### Source records
lemma taylor_coeff_polynomial:
  "taylor_coeff (\<lambda>w. \<Sum>k<m. c k * w ^ k) j = (if j < m then c j else 0)"
proof (induction m)
  case (Suc m)
  have "(deriv ^^ j) (\<lambda>w. c m * w ^ m) 0 = c m * (deriv ^^ j) (\<lambda>w. w ^ m) 0"
    by (rule higher_deriv_cmult[where A=UNIV]) (auto intro!: holomorphic_intros)
  also have "(deriv ^^ j) (\<lambda>w::complex. w ^ m) 0 = (if j = m then fact m else 0)"
    using higher_deriv_power[of j 0 m 0] by (auto simp: pochhammer_fact[symmetric] pochhammer_0_left)
  finally have "taylor_coeff (\<lambda>w. c m * w ^ m) j = (if j = m then c m else 0)"
    by (simp add: taylor_coeff_def)
  moreover have "(deriv ^^ j) (\<lambda>w. (\<Sum>k<m. c k * w ^ k) + c m * w ^ m) 0
      = (deriv ^^ j) (\<lambda>w. \<Sum>k<m. c k * w ^ k) 0 + (deriv ^^ j) (\<lambda>w. c m * w ^ m) 0"
    by (rule higher_deriv_add[where S=UNIV]) (auto intro!: holomorphic_intros)
  ultimately show ?case
    using Suc by (auto simp: taylor_coeff_def add_divide_distrib less_Suc_eq)
qed (simp add: taylor_coeff_def)

lemma taylor_terms_tendsto_zero:
  assumes "f holomorphic_on ball 0 1" and "0 \<le> r" and "r < 1"
  shows "(\<lambda>n. norm (taylor_coeff f n) * r ^ n) \<longlonglongrightarrow> 0"
proof -
  have "(\<lambda>n. taylor_coeff f n * (of_real r - 0) ^ n) sums f (of_real r)"
    unfolding taylor_coeff_def using assms by (intro holomorphic_power_series) auto
  then have "(\<lambda>n. taylor_coeff f n * of_real r ^ n) \<longlonglongrightarrow> 0"
    by (simp add: summable_LIMSEQ_zero sums_summable)
  then show ?thesis
    using tendsto_norm_zero assms(2) by (fastforce simp: norm_mult norm_power)
qed

locale banach_function_space =
  fixes X :: "(complex \<Rightarrow> complex) set" and N :: "(complex \<Rightarrow> complex) \<Rightarrow> real"
  assumes banach_fun_space: "banach_fun_space X N"
begin

lemma add_mem: "f \<in> X \<Longrightarrow> g \<in> X \<Longrightarrow> (\<lambda>z. f z + g z) \<in> X"
  and scale_mem: "f \<in> X \<Longrightarrow> (\<lambda>z. c * f z) \<in> X"
  and norm_eq_zero: "f \<in> X \<Longrightarrow> N f = 0 \<longleftrightarrow> f = (\<lambda>z. 0)"
  and norm_nonneg: "f \<in> X \<Longrightarrow> 0 \<le> N f"
  and norm_scale: "f \<in> X \<Longrightarrow> N (\<lambda>z. c * f z) = norm c * N f"
  and norm_add_le: "f \<in> X \<Longrightarrow> g \<in> X \<Longrightarrow> N (\<lambda>z. f z + g z) \<le> N f + N g"
  using banach_fun_space unfolding banach_fun_space_def by blast+

lemma complete:
  assumes "\<And>n. F n \<in> X" and "\<And>e. e > 0 \<Longrightarrow> \<exists>M. \<forall>m\<ge>M. \<forall>n\<ge>M. N (\<lambda>z. F m z - F n z) < e"
  obtains G where "G \<in> X" and "(\<lambda>n. N (\<lambda>z. F n z - G z)) \<longlonglongrightarrow> 0"
  using banach_fun_space assms unfolding banach_fun_space_def by blast

lemma diff_mem: "f \<in> X \<Longrightarrow> g \<in> X \<Longrightarrow> (\<lambda>z. f z - g z) \<in> X"
  using add_mem[of f "\<lambda>z. -1 * g z"] scale_mem[of g "-1"] by simp

lemma norm_diff_commute:
  assumes "f \<in> X" and "g \<in> X"
  shows "N (\<lambda>z. f z - g z) = N (\<lambda>z. g z - f z)"
  using norm_scale[OF diff_mem[OF assms(2,1)], of "-1"] by simp

lemma sum_mem_norm_sum_le:
  assumes "finite I" and "\<And>k. k \<in> I \<Longrightarrow> u k \<in> X"
  shows "(\<lambda>z. \<Sum>k\<in>I. u k z) \<in> X \<and> N (\<lambda>z. \<Sum>k\<in>I. u k z) \<le> (\<Sum>k\<in>I. N (u k))"
  using assms
proof (induction I rule: finite_induct)
  case empty
  have "(\<lambda>z. 0) \<in> X" and "N (\<lambda>z. 0) = 0"
    using banach_fun_space unfolding banach_fun_space_def by auto
  then show ?case by simp
next
  case (insert k I)
  then show ?case
    using add_mem[of "u k" "\<lambda>z. \<Sum>k\<in>I. u k z"] norm_add_le[of "u k" "\<lambda>z. \<Sum>k\<in>I. u k z"]
    by auto
qed
lemma Phi_square_mult:
  assumes "a \<in> A" "x \<in> Phi val pan A M g"
  shows "a ^ 2 * x \<in> Phi val pan A M g"
proof (cases "a = 0 \<or> x = 0")
  case False
  then have nz: "a \<noteq> 0" "x \<noteq> 0"
    by auto
  have x: "x \<in> A" "admissible_value val A g (val x)" "pan x \<in> M"
    using assms(2) nz unfolding Phi_iff by auto
  have "a ^ 2 * x \<in> A"
    using A(1) assms(1) x(1) unfolding subring_def power2_eq_square by blast
  moreover obtain k where k: "val x - g = k + k" "k \<in> val ` ring_units A \<or> 0 < k"
    using x(2) unfolding admissible_value_iff by blast
  have "val (a ^ 2 * x) - g = (k + val a) + (k + val a)"
    using k(1) valuation_mult[OF val] nz by (simp add: power2_eq_square algebra_simps)
  then have "admissible_value val A g (val (a ^ 2 * x))"
    using units_val_or_pos_add_val[OF val A k(2) assms(1) nz(1)]
    unfolding admissible_value_iff by blast
  moreover obtain c where "pan (x * a ^ 2) = pan x * c ^ 2"
    using pseudo_angular_mult_square[OF pan nz(2,1)] by blast
  then have "pan (a ^ 2 * x) \<in> M"
    using x(3) M unfolding quasi_quadratic_module_def by (simp add: mult.commute)
  ultimately show ?thesis
    using nz unfolding Phi_iff by simp
qed (use assms(2) in \<open>auto simp: Phi_iff\<close>)

end

theorem mainTheorem4:
  fixes val :: "'k::field \<Rightarrow> 'g::linordered_ab_group_add"
    and \<pi> :: "'k \<Rightarrow> 'f::field"
    and pan :: "'k \<Rightarrow> 'f"
    and A :: "'k set" and M :: "'f set" and g :: 'g
  assumes "valuation val"
    and "residue_map val \<pi>"
    and "(2::'f) \<noteq> 0"
    and "two_henselian val \<pi>"
    and "pseudo_angular val \<pi> pan"
    and "subring A" and "val_ring val \<subseteq> A"
    and "quasi_quadratic_module (UNIV :: 'f set) M" and "M \<noteq> UNIV"
  shows "quasi_quadratic_module A (Phi val pan A M g)"
  unfolding quasi_quadratic_module_def
  using Phi_subset[OF assms(6)] Phi_add[OF assms(1,5-9,3)] Phi_square_mult[OF assms(1,5-8)]
  by blast
lemma orthonormal3_symmetric_eigenvector:
  assumes o: "orthonormal3 v1 v2 v3" and C_sym: "transpose C = C"
    and "C *v v1 = c1 *\<^sub>R v1" "C *v v3 = c3 *\<^sub>R v3"
  shows "C *v v2 = (v2 \<bullet> (C *v v2)) *\<^sub>R v2"
proof (rule orthonormal3_vector_eq[OF o])
  have "(C *v v2) \<bullet> v = v2 \<bullet> (C *v v)" for v
    using inner_transpose_mult_vec[of v2 C v] by (simp only: C_sym)
  then show "(C *v v2) \<bullet> v1 = ((v2 \<bullet> (C *v v2)) *\<^sub>R v2) \<bullet> v1"
    "(C *v v2) \<bullet> v2 = ((v2 \<bullet> (C *v v2)) *\<^sub>R v2) \<bullet> v2"
    "(C *v v2) \<bullet> v3 = ((v2 \<bullet> (C *v v2)) *\<^sub>R v2) \<bullet> v3"
    using assms(3,4) by (simp_all add: orthonormal3_inner[OF o])
qed

lemma outer_mult_vec: "outer a n *v x = (n \<bullet> x) *\<^sub>R a"
  by (simp add: outer_def vec_eq_iff matrix_vector_mult_def inner_vec_def sum_3 algebra_simps)

lemma inner_outer_mult_vec: "x \<bullet> (outer a n *v y) = (x \<bullet> a) * (n \<bullet> y)"
  by (simp add: outer_mult_vec)

lemma transpose_outer: "transpose (outer a n) = outer n a"
  by (simp add: outer_def transpose_def vec_eq_iff)

lemma trace_outer: "trace (outer a n) = a \<bullet> n"
  by (simp add: trace_def outer_def inner_vec_def sum_3)

lemma outer_add_left: "outer (x + y) n = outer x n + outer y n"
  and outer_add_right: "outer n (x + y) = outer n x + outer n y"
  and outer_scaleR_left: "outer (c *\<^sub>R x) n = c *\<^sub>R outer x n"
  and outer_scaleR_right: "outer n (c *\<^sub>R x) = c *\<^sub>R outer n x"
  by (simp_all add: outer_def vec_eq_iff algebra_simps)

lemma matrix_mul_outer: "A ** outer a n = outer (A *v a) n"
  by (simp add: outer_def matrix_matrix_mult_def matrix_vector_mult_def vec_eq_iff sum_3
      algebra_simps)

lemma outer_matrix_mul: "outer n a ** A = outer n (transpose A *v a)"
  by (simp add: outer_def matrix_matrix_mult_def matrix_vector_mult_def transpose_def vec_eq_iff
      sum_3 algebra_simps)

(* The cyclic indices i + 1, i + 2 in cof reach the numerals 4 and 5 of type 3. *)
lemma numeral_3_wrap: "(4::3) = 1" "(5::3) = 2"
  by simp_all

lemma det_add_outer: "det (A + outer u v) = det A + u \<bullet> (cof A *v v)"
  by (simp add: numeral_3_wrap det_3 outer_def cof_def inner_vec_def sum_3 matrix_vector_mult_def
      algebra_simps)

lemma det_add_outer_sym:
  "det (A + outer u n + outer n u) =
     det A + u \<bullet> (cof A *v n) + n \<bullet> (cof A *v u) - cross3 u n \<bullet> (A *v cross3 u n)"
  by (simp add: numeral_3_wrap det_3 outer_def cof_def inner_vec_def sum_3 matrix_vector_mult_def
      cross3_def vector_def algebra_simps)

### What you have to do
The answer should consist of the lines from the first line of the entries through the line with "0 \<longleftrightarrow> f", copied exactly.

### Exercise answer
lemma taylor_coeff_polynomial:
  "taylor_coeff (\<lambda>w. \<Sum>k<m. c k * w ^ k) j = (if j < m then c j else 0)"
proof (induction m)
  case (Suc m)
  have "(deriv ^^ j) (\<lambda>w. c m * w ^ m) 0 = c m * (deriv ^^ j) (\<lambda>w. w ^ m) 0"
    by (rule higher_deriv_cmult[where A=UNIV]) (auto intro!: holomorphic_intros)
  also have "(deriv ^^ j) (\<lambda>w::complex. w ^ m) 0 = (if j = m then fact m else 0)"
    using higher_deriv_power[of j 0 m 0] by (auto simp: pochhammer_fact[symmetric] pochhammer_0_left)
  finally have "taylor_coeff (\<lambda>w. c m * w ^ m) j = (if j = m then c m else 0)"
    by (simp add: taylor_coeff_def)
  moreover have "(deriv ^^ j) (\<lambda>w. (\<Sum>k<m. c k * w ^ k) + c m * w ^ m) 0
      = (deriv ^^ j) (\<lambda>w. \<Sum>k<m. c k * w ^ k) 0 + (deriv ^^ j) (\<lambda>w. c m * w ^ m) 0"
    by (rule higher_deriv_add[where S=UNIV]) (auto intro!: holomorphic_intros)
  ultimately show ?case
    using Suc by (auto simp: taylor_coeff_def add_divide_distrib less_Suc_eq)
qed (simp add: taylor_coeff_def)

lemma taylor_terms_tendsto_zero:
  assumes "f holomorphic_on ball 0 1" and "0 \<le> r" and "r < 1"
  shows "(\<lambda>n. norm (taylor_coeff f n) * r ^ n) \<longlonglongrightarrow> 0"
proof -
  have "(\<lambda>n. taylor_coeff f n * (of_real r - 0) ^ n) sums f (of_real r)"
    unfolding taylor_coeff_def using assms by (intro holomorphic_power_series) auto
  then have "(\<lambda>n. taylor_coeff f n * of_real r ^ n) \<longlonglongrightarrow> 0"
    by (simp add: summable_LIMSEQ_zero sums_summable)
  then show ?thesis
    using tendsto_norm_zero assms(2) by (fastforce simp: norm_mult norm_power)
qed

locale banach_function_space =
  fixes X :: "(complex \<Rightarrow> complex) set" and N :: "(complex \<Rightarrow> complex) \<Rightarrow> real"
  assumes banach_fun_space: "banach_fun_space X N"
begin

lemma add_mem: "f \<in> X \<Longrightarrow> g \<in> X \<Longrightarrow> (\<lambda>z. f z + g z) \<in> X"
  and scale_mem: "f \<in> X \<Longrightarrow> (\<lambda>z. c * f z) \<in> X"
  and norm_eq_zero: "f \<in> X \<Longrightarrow> N f = 0 \<longleftrightarrow> f = (\<lambda>z. 0)"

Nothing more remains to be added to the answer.